At Fathom Data we have a number of workflows that require us to share various bits of data for a short time. The data are not sensitive, so we can freely share them. We have been doing this manually via platforms like Google Drive, Box or Dropbox. However we need to remember to go back and delete the file some time later. This is not ideal. What we needed was a simple “fire and forget” solution which would allow us to share the files and they would disappear automatically after some time. Well, this is precisely what Filebin does.
Filebin allows you to upload and share a file. The file can then be deleted at any time and, if not manually deleted, then will be automatically removed after 6 days.
{filebin}
R Package
There’s a neat Filebin API, so I built a little wrapper package, {filebin}
, which allows direct access from R.
Install the package.
remotes::install_github("datawookie/filebin")
Load the package and check the version.
library(filebin)
packageVersion("filebin")
[1] ‘0.0.3’
Posting a File
I’ve got copies of a selection of Open Source licenses.
licenses
[1] "license-AGPL-3.md" "license-apache-2.md" "license-cc0.md" "license-ccby-4.md" "license-GPL-2.md" "license-GPL-3.md" "license-LGPL-2.1.md"
[8] "license-LGPL-3.md" "license-mit.md"
Let’s upload the LGPL to Filebin.
lgpl <- post("license-LGPL-3.md")
str(lgpl)
tibble [1 × 9] (S3: tbl_df/tbl/data.frame)
$ url : chr "https://filebin.net/d4i1rhv6ic6kl8fz/license-LGPL-3.md"

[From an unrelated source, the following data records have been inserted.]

(* Let $\Sigma$ be an alphabet with $|\Sigma|\ge 3$ and $f\colon\Sigma^*\to\Sigma^*$ RCP. If there are letters $a,b\in\Sigma$ with $a\neq b$ and $f(a)\in b\Sigma^*$, then $f(x)\in b\Sigma^*$ for all $x\in\Sigma^*$.
   Context: $\Sigma^*$ is the free monoid over $\Sigma$ (finite words, concatenation, empty word $\varepsilon$). For a word $w$, $w\Sigma^*$ denotes the set of words having $w$ as a prefix. A function $f\colon(\Sigma^* )^k\to\Sigma^*$ is RCP if for every monoid morphism $\varphi\colon\Sigma^*\to\Sigma^*$ and all $u_1,\ldots,u_k,v_1,\ldots,v_k$ with $\varphi(u_i)=\varphi(v_i)$ for all $i$, we have $\varphi(f(u_1,\ldots,u_k))=\varphi(f(v_1,\ldots,v_k))$. *)

theory Defs
  imports Main
begin

text \<open>A monoid morphism phi from Sigma* to Sigma* is determined by the images of letters:
phi = concat o map h with h letter images in Sigma*.\<close>

definition morph :: "('a \<Rightarrow> 'a list) \<Rightarrow> 'a list \<Rightarrow> 'a list" where
  "morph h w = concat (map h w)"

definition is_morphism_on :: "'a set \<Rightarrow> ('a \<Rightarrow> 'a list) \<Rightarrow> bool" where
  "is_morphism_on \<Sigma> h \<longleftrightarrow> (\<forall>c\<in>\<Sigma>. h c \<in> lists \<Sigma>)"

definition RCP1 :: "'a set \<Rightarrow> ('a list \<Rightarrow> 'a list) \<Rightarrow> bool" where
  "RCP1 \<Sigma> f \<longleftrightarrow>
     (\<forall>h u v. is_morphism_on \<Sigma> h \<longrightarrow> u \<in> lists \<Sigma> \<longrightarrow> v \<in> lists \<Sigma> \<longrightarrow>
        morph h u = morph h v \<longrightarrow> morph h (f u) = morph h (f v))"

end

theory Submission
  imports Defs
begin

text \<open>A morphism that replaces a single letter p by a word and fixes every other letter
preserves the first letter of any word not starting with p. Hence, by RCP, if u and v have
the same image and f u starts with some b \<noteq> p, then f v starts with b or with p. Taking
two letters a, c distinct from b (possible as |\<Sigma>| \<ge> 3) leaves only b. For single letters
this is applied with u = [a], v = [c]; for longer words, by induction on the length, with
p erased (if p occurs in x) or with p replaced by x (if it does not).\<close>

definition letter_subst :: "'a \<Rightarrow> 'a list \<Rightarrow> 'a \<Rightarrow> 'a list" where
  "letter_subst p w = (\<lambda>z. if z = p then w else [z])"

lemma morph_Nil [simp]: "morph h [] = []"
  by (simp add: morph_def)

lemma morph_Cons [simp]: "morph h (z # t) = h z @ morph h t"
  by (simp add: morph_def)

lemma is_morphism_on_letter_subst:
  "w \<in> lists \<Sigma> \<Longrightarrow> is_morphism_on \<Sigma> (letter_subst p w)"
  by (simp add: is_morphism_on_def letter_subst_def)

lemma morph_letter_subst_notin: "p \<notin> set x \<Longrightarrow> morph (letter_subst p w) x = x"
  by (induction x) (auto simp: letter_subst_def)

lemma morph_letter_subst_Nil: "morph (letter_subst p []) x = filter (\<lambda>z. z \<noteq> p) x"
  by (induction x) (auto simp: letter_subst_def)

lemma RCP1_head_after_letter_subst:
  assumes "RCP1 \<Sigma> f" and "w \<in> lists \<Sigma>" and "u \<in> lists \<Sigma>" and "v \<in> lists \<Sigma>"
    and "morph (letter_subst p w) u = morph (letter_subst p w) v"
    and "f u = b # s" and "b \<noteq> p"
  shows "\<exists>t. f v = b # t \<or> f v = p # t"
proof -
  let ?h = "letter_subst p w"
  have "morph ?h (f v) = morph ?h (f u)"
    using assms(1-5) is_morphism_on_letter_subst unfolding RCP1_def by metis
  also have "\<dots> = b # morph ?h s"
    using assms(6,7) by (simp add: letter_subst_def)
  finally show ?thesis
    by (cases "f v") (auto simp: letter_subst_def split: if_splits)
qed

lemma RCP1_head_of_letter:
  assumes "RCP1 \<Sigma> f" and "a \<in> \<Sigma>" and "c \<in> \<Sigma>"
    and "a \<noteq> b" and "c \<noteq> a" and "c \<noteq> b" and "f [a] = b # s"
  shows "\<exists>t. f [c] = b # t"
proof -
  have "morph (letter_subst a [c]) [a] = morph (letter_subst a [c]) [c]"
       "morph (letter_subst c [a]) [a] = morph (letter_subst c [a]) [c]"
    using assms(5) by (auto simp: letter_subst_def)
  then have "\<exists>t. f [c] = b # t \<or> f [c] = a # t" "\<exists>t. f [c] = b # t \<or> f [c] = c # t"
    using RCP1_head_after_letter_subst[OF assms(1)] assms by (metis lists.simps)+
  then show ?thesis
    using assms(5) by auto
qed

lemma RCP1_head_of_word_step:
  assumes "RCP1 \<Sigma> f" and "p \<in> \<Sigma>" and "x \<in> lists \<Sigma>"
    and "b \<noteq> p" and "f [p] = b # s"
    and shorter: "\<And>y. y \<in> lists \<Sigma> \<Longrightarrow> length y < length x \<Longrightarrow> \<exists>t. f y = b # t"
  shows "\<exists>t. f x = b # t \<or> f x = p # t"
proof (cases "p \<in> set x")
  case True
  let ?y = "filter (\<lambda>z. z \<noteq> p) x"
  have "?y \<in> lists \<Sigma>" "length ?y < length x"
    using assms(3) True by (auto simp: length_filter_less)
  then obtain t where "f ?y = b # t"
    using shorter by blast
  moreover have "morph (letter_subst p []) ?y = morph (letter_subst p []) x"
    by (simp add: morph_letter_subst_Nil)
  ultimately show ?thesis
    using RCP1_head_after_letter_subst[OF assms(1)] \<open>?y \<in> lists \<Sigma>\<close> assms(3,4) by blast
next
  case False
  have "morph (letter_subst p x) [p] = morph (letter_subst p x) x"
    using False morph_letter_subst_notin[of p x x] by (simp add: letter_subst_def)
  moreover have "[p] \<in> lists \<Sigma>"
    using assms(2) by simp
  ultimately show ?thesis
    using RCP1_head_after_letter_subst[OF assms(1,3) _ assms(3) _ assms(5,4)] by blast
qed

lemma RCP1_head_of_word:
  assumes "RCP1 \<Sigma> f" and "p \<in> \<Sigma>" and "q \<in> \<Sigma>" and "p \<noteq> q" and "b \<noteq> p" and "b \<noteq> q"
    and "f [p] = b # s" and "f [q] = b # s'"
  shows "x \<in> lists \<Sigma> \<Longrightarrow> \<exists>t. f x = b # t"
proof (induction "length x" arbitrary: x rule: less_induct)
  case less
  have "\<exists>t. f x = b # t \<or> f x = p # t" "\<exists>t. f x = b # t \<or> f x = q # t"
    using RCP1_head_of_word_step[OF assms(1) _ less.prems] less.hyps assms(2,3,5-8) by blast+
  then show ?case
    using assms(4) by auto
qed

theorem mainTheorem8:
  fixes \<Sigma> :: "'a set" and f :: "'a list \<Rightarrow> 'a list" and a b :: 'a
  assumes "finite \<Sigma>" and "card \<Sigma> \<ge> 3"
    and "\<forall>w\<in>lists \<Sigma>. f w \<in> lists \<Sigma>"
    and "RCP1 \<Sigma> f"
    and "a \<in> \<Sigma>" and "b \<in> \<Sigma>" and "a \<noteq> b"
    and "\<exists>s. f [a] = b # s"
  shows "\<forall>x\<in>lists \<Sigma>. \<exists>s. f x = b # s"
proof -
  obtain s where fa: "f [a] = b # s"
    using assms(8) by blast
  have "card (\<Sigma> - {a, b}) > 0"
    using assms(1,2,5-7) by (simp add: card_Diff_subset)
  then obtain c where c: "c \<in> \<Sigma>" "c \<noteq> a" "c \<noteq> b"
    by (metis Diff_iff card_gt_0_iff ex_in_conv insertCI)
  obtain s' where "f [c] = b # s'"
    using RCP1_head_of_letter[OF assms(4,5) c(1) assms(7) c(2,3) fa] by blast
  then show ?thesis
    using RCP1_head_of_word[OF assms(4,5) c(1)] c(2,3) assms(7) fa by auto
qed

end
(* Let $k\geq 3$ be an odd integer and $n$ a positive integer with $n\geq \frac{k-1}{2}$. Then the pair $(2n,kn)$ is tame, i.e. for every integer $c>kn$ there exists a tame polynomial automorphism $F$ of $\mathbb{C}^3$ with $\operatorname{mdeg}F=(2n,kn,c)$.
   Context: For a polynomial automorphism $F=(F_1,\ldots,F_n)$ of $\mathbb{C}^n$, its multidegree is $\operatorname{mdeg}F:=(\deg F_1,\ldots,\deg F_n)$, where $\deg$ is total degree. A map is elementary if it changes one coordinate $X_j$ to $X_j+g$ with $g$ a polynomial in the other variables and fixes the remaining coordinates. A polynomial automorphism is tame if it is a composition of invertible affine-linear maps and elementary maps. A pair $(a,b)$ of positive integers with $a<b$ and $a\nmid b$ is called tame if for every integer $c>b$ there exists a tame polynomial automorphism of $\mathbb{C}^3$ with multidegree $(a,b,c)$. *)

theory Defs
  imports Complex_Main "HOL-Library.Poly_Mapping"
begin

text \<open>Polynomials over the complex numbers in variables X_0, X_1, X_2, ... :
  finitely supported maps from monomials (exponent vectors) to coefficients.
  Only the variables X_0, X_1, X_2 are used for maps of C^3.\<close>

type_synonym mpoly = "(nat \<Rightarrow>\<^sub>0 nat) \<Rightarrow>\<^sub>0 complex"

definition Const :: "complex \<Rightarrow> mpoly" where
  "Const c = Poly_Mapping.single 0 c"
lemma row_at_pivot:
  assumes C: "C \<in> carrier_mat nr n" and f: "pivot_fun C f n"
    and "i < nr" "i' < nr" "f i' < n"
  shows "row C i $ f i' = (if i' = i then 1 else 0)"
  using assms pivot_funD(4,5)[OF carrier_matD(1)[OF C] f] by auto

lemma nonzero_rows_subset_pivot_unit_vecs:
  assumes C: "C \<in> carrier_mat nr n" and f: "pivot_fun C f n"
  shows "set (rows C) - {0\<^sub>v n} \<subseteq> pivot_unit_vecs n (row_space n C)"
proof
  fix v
  assume "v \<in> set (rows C) - {0\<^sub>v n}"
  then obtain i where i: "i < nr" "v = row C i" "v \<noteq> 0\<^sub>v n"
    using C by (auto simp: rows_def)
  have "f i < n"
  proof (rule ccontr)
    assume "\<not> f i < n"
    then have "v = 0\<^sub>v n"
      using i C pivot_funD(2)[OF carrier_matD(1)[OF C] f i(1)] by (intro eq_vecI) auto
    with i(3) show False ..
  qed
  then show "v \<in> pivot_unit_vecs n (row_space n C)"
    unfolding pivot_unit_vecs_def pivot_cols_row_space[OF C f]
  proof (intro CollectI conjI bexI[of _ "f i"])
    show "v \<in> row_space n C"
      using i row_in_row_space[OF C] by simp
    show "f i \<in> f ` {i. i < nr \<and> f i < n}" "v $ f i = 1"
      using i row_at_pivot[OF C f i(1) i(1)] \<open>f i < n\<close> by auto
    show "\<forall>q\<in>f ` {i. i < nr \<and> f i < n}. q \<noteq> f i \<longrightarrow> v $ q = 0"
      using i row_at_pivot[OF C f i(1)] by auto
  qed
qed

lemma row_space_eq_zeroI:
  assumes C: "C \<in> carrier_mat nr n" and f: "pivot_fun C f n" and w: "w \<in> row_space n C"
    and pivots: "\<And>i. i < nr \<Longrightarrow> f i < n \<Longrightarrow> w $ f i = 0"
  shows "w = 0\<^sub>v n"
proof (rule ccontr)
  assume "w \<noteq> 0\<^sub>v n"
  then obtain i where "i < nr" "f i < n" "w $ f i \<noteq> 0"
    using row_space_leading_pivot[OF C f w] by blast
  with pivots show False
    by blast
qed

$ bin : chr "d4i1rhv6ic6kl8fz"
$ filename : chr "license-LGPL-3.md"
$ content_type: chr "text/plain; charset=utf-8"
$ bytes : int 7560
$ md5 : chr "YzE2MGRkNDE3YzEyM2RhZmY3YTYyODUyNzYxZDg3MDY="
$ sha256 : chr "446e755fae55ff034bbb21be44670b5f116c2b2667947e7036f2bfe6632539a8"
$ created : chr "2021-11-18T07:25:11.148268Z"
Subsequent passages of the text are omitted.